● Instructions for the task: Look through the data that follows and copy each line with the string "union".

● Data:
▼

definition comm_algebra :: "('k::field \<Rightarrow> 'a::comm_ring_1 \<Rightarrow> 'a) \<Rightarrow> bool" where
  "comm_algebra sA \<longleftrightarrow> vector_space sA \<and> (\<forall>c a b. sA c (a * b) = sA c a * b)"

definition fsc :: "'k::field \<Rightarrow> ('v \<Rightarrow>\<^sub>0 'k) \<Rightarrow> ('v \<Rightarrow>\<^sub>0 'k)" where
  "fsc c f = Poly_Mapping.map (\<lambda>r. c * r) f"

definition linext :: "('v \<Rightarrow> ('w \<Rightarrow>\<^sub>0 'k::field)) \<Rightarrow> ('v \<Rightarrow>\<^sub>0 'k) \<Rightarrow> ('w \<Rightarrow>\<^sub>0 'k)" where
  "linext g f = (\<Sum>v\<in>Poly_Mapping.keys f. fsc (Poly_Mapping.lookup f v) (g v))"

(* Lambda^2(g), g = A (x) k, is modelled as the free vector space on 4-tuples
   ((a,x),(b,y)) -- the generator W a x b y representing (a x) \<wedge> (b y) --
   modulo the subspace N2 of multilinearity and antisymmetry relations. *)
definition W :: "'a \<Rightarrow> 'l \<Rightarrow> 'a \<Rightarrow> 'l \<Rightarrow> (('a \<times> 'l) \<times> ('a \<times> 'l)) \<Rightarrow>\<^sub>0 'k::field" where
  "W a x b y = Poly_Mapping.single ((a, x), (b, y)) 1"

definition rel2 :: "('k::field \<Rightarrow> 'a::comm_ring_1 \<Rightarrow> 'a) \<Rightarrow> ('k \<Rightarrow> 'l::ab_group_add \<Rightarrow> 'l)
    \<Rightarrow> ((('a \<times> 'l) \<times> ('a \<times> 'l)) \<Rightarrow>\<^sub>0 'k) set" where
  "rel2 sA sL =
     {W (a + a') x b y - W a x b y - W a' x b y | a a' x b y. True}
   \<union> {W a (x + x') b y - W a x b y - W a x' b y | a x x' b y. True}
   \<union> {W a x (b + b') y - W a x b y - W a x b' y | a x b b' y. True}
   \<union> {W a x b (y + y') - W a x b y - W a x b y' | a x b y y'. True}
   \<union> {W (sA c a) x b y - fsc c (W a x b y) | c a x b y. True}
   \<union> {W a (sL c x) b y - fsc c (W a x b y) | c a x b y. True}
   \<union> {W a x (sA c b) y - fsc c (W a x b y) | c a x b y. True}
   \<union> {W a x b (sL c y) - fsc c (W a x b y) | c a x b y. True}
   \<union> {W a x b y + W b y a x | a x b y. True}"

▲

● Task answer:
   \<union> {W a (x + x') b y - W a x b y - W a x' b y | a x x' b y. True}
   \<union> {W a x (b + b') y - W a x b y - W a x b' y | a x b b' y. True}
   \<union> {W a x b (y + y') - W a x b y - W a x b y' | a x b y y'. True}
   \<union> {W (sA c a) x b y - fsc c (W a x b y) | c a x b y. True}
   \<union> {W a (sL c x) b y - fsc c (W a x b y) | c a x b y. True}
   \<union> {W a x (sA c b) y - fsc c (W a x b y) | c a x b y. True}
   \<union> {W a x b (sL c y) - fsc c (W a x b y) | c a x b y. True}
   \<union> {W a x b y + W b y a x | a x b y. True}"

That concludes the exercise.